Ara kapak yazısında da okuduğunuz üzere Vaelin çok küçük yaşta henüz annesinin ölümünü bile atlatamamışken babası tarafından altıncı nişana terk ediliyor. Nişana bırakıldıktan sonra geçmişiniz ve geçmişteki aileniz yok oluyor. Bundan sonra aileniz nişan, nişanda ki çocuklar da kardeşleriniz sayılıyor. Nişan eğitimi, özellikle de altıncı nişanın eğitimi oldukça zorlu. Dayak, hakaret, ağır cezalar ve büyük baskılar altında gerçekten uç noktalarda eğitim alıyorlar. Çoğu çocuk sınavları geçemeyip atılıyor ya da ölüp ayrılmışlara karışıyor. 

Bütün o zorlu koşullara rağmen Vaelin ve kardeşlerinin nişanda geçirdiği zamanları okurken çok eğlendim. Evet zorlu bir eğitimden geçiriliyorlar, hatta bir çok kişi küçücük çocuklara yaşatılanlar için dehşete düşebilir ama bir yandan da düşününce eğer o koşullar altında eğitim görmeseler bu kadar büyük savaşçılar olmaları imkansız gibi duruyor. Ayrıca nişan sadece dayak, hakaret yada cezalar değil; dostluk, sadakat, fedakarlık ve bol bol kahkaha da var. Ve tabi bol bol gizem. Vaelin'in ve grubundaki tüm kardeşleri ayrı ayrı sevdim. Birinden biri eksik olsaydı aynı tadı yakalayabileceğimi sanmıyorum. Karakter olarak birbirlerinden o kadar farklılar ki ama bir araya geldiklerinde birbirlerini tamamlıyorlar. 
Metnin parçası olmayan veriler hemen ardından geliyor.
definition fhmh_rhs_m :: "real \<Rightarrow> real \<Rightarrow> real \<Rightarrow> real \<Rightarrow> real \<Rightarrow> real \<Rightarrow> real \<Rightarrow> real" where
  "fhmh_rhs_m \<beta> \<delta> K \<eta>1 \<eta>2 x y = (1/2) * x * y * \<beta> * fhmh_L K x y - \<delta> * y - \<eta>2 * y"

definition fhmh_solution ::
  "real \<Rightarrow> real \<Rightarrow> real \<Rightarrow> real \<Rightarrow> real \<Rightarrow> (real \<Rightarrow> real) \<Rightarrow> (real \<Rightarrow> real) \<Rightarrow> bool" where
  "fhmh_solution \<beta> \<delta> K \<eta>1 \<eta>2 f m \<longleftrightarrow>
     (\<forall>t\<ge>0. (f has_real_derivative fhmh_rhs_f \<beta> \<delta> K \<eta>1 \<eta>2 (f t) (m t)) (at t within {0..})
          \<and> (m has_real_derivative fhmh_rhs_m \<beta> \<delta> K \<eta>1 \<eta>2 (f t) (m t)) (at t within {0..}))"

text \<open>Global asymptotic stability of (0,0) on the biologically relevant state space
  (the closed nonnegative quadrant): Lyapunov stability plus global attractivity.\<close>
definition fhmh_origin_GAS :: "real \<Rightarrow> real \<Rightarrow> real \<Rightarrow> real \<Rightarrow> real \<Rightarrow> bool" where
  "fhmh_origin_GAS \<beta> \<delta> K \<eta>1 \<eta>2 \<longleftrightarrow>
     (\<forall>\<epsilon>>0. \<exists>d>0. \<forall>f m. fhmh_solution \<beta> \<delta> K \<eta>1 \<eta>2 f m \<and> f 0 \<ge> 0 \<and> m 0 \<ge> 0
          \<and> norm (f 0, m 0) < d \<longrightarrow> (\<forall>t\<ge>0. norm (f t, m t) < \<epsilon>))
   \<and> (\<forall>f m. fhmh_solution \<beta> \<delta> K \<eta>1 \<eta>2 f m \<and> f 0 \<ge> 0 \<and> m 0 \<ge> 0
          \<longrightarrow> ((\<lambda>t. (f t, m t)) \<longlongrightarrow> (0, 0)) at_top)"

end

theory Submission
  imports Defs
begin

text \<open>The total population V = f + m is a Lyapunov function. On the nonnegative quadrant,
  which solutions never leave, f L and m L are at most K/4, so the mating term f m \<beta> L is at most
  \<beta> K/4 \<cdot> min f m; under \<beta> K < 2\<delta> + \<eta>1 + \<eta>2 this is dominated by a quarter of the total loss
  (\<delta> + \<eta>1) f + (\<delta> + \<eta>2) m. Hence V' \<le> -(3\<delta>/4) V, and the exponential decay of V gives
  both Lyapunov stability and global attractivity of the origin.\<close>

lemma DERIV_le_linear_imp_le_exp:
  fixes u u' :: "real \<Rightarrow> real" and a b c :: real
  assumes "a \<le> b" and cont: "continuous_on {a..b} u"
    and der: "\<And>t. a < t \<Longrightarrow> t < b \<Longrightarrow> (u has_real_derivative u' t) (at t)"
    and le: "\<And>t. a < t \<Longrightarrow> t < b \<Longrightarrow> u' t \<le> c * u t"
  shows "u b \<le> u a * exp (c * (b - a))"
proof -
  define h where "h s = u s * exp (- c * (s - a))" for s
  have "h b \<le> h a"
  proof (rule DERIV_nonpos_imp_decreasing_open[OF \<open>a \<le> b\<close>])
    show "continuous_on {a..b} h"
      unfolding h_def using cont by (intro continuous_intros)
    fix t assume t: "a < t" "t < b"
    have "(h has_real_derivative (u' t - c * u t) * exp (- c * (t - a))) (at t)"
      unfolding h_def using der[OF t]
      by (auto intro!: derivative_eq_intros simp: algebra_simps)
    moreover have "(u' t - c * u t) * exp (- c * (t - a)) \<le> 0"
      using le[OF t] by (simp add: mult_nonpos_nonneg)
    ultimately show "\<exists>y. (h has_real_derivative y) (at t) \<and> y \<le> 0" by blast
  qed
  then have "u b * exp (- c * (b - a)) * exp (c * (b - a)) \<le> u a * exp (c * (b - a))"
    by (simp add: h_def)
  then show ?thesis
    by (simp add: mult.assoc flip: exp_add)
qed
Her geçen yılla birlikte o küçük savunmasız çocukların nasıl yavaş yavaş birer savaşçıya dönüşmeye başladığına şahit oluyoruz. Tabi bu arada Birleşmiş Diyar'da olaylar kızışmaya başlıyor. Tanrıtanırlar ve İtikad arasında büyük bir gerginlik var. Zamanla Kral ve ailesi ile tanışmaya ve onların entrikalarına çekilmeye başlıyoruz. Kral Janus'un Vaelin için büyük planları var. En baştan beri vardı ama babası onu altıncı nişana bıraktığında bütün planları suya düşmüştü. Janus'un iyi biri olmadığının altını çizmem gerekiyor. Normalde İtikad'ın koruyucuları krala bağlı değillerdir ama eğer Janus birini istiyorsa allem eder kallem eder o kişiye istediğini yaptırır. Ve ne yazık ki Vaelin'de ondan kaçamıyor. Nişan eğitimi bittikten sonra Diyarın Kılıcı olarak Kral adına çeşitli görevlere çıkmaya, kral için savaşmaya başlıyor. Kralı tanıdıkça o ve etrafındaki insanlardan daha çok nefret etmeye başlıyor ama yapabileceği hiçbir şey yok. İnsanlar onun yanında savaşmak için birbirleriyle yarışıyorlar, herkes ona farklı bir ad veriyor, sadece ismi bile düşmanların titremesine sebep oluyor ama Vaelin kendini savaşçı değil de katil gibi hissetmeye başlıyor.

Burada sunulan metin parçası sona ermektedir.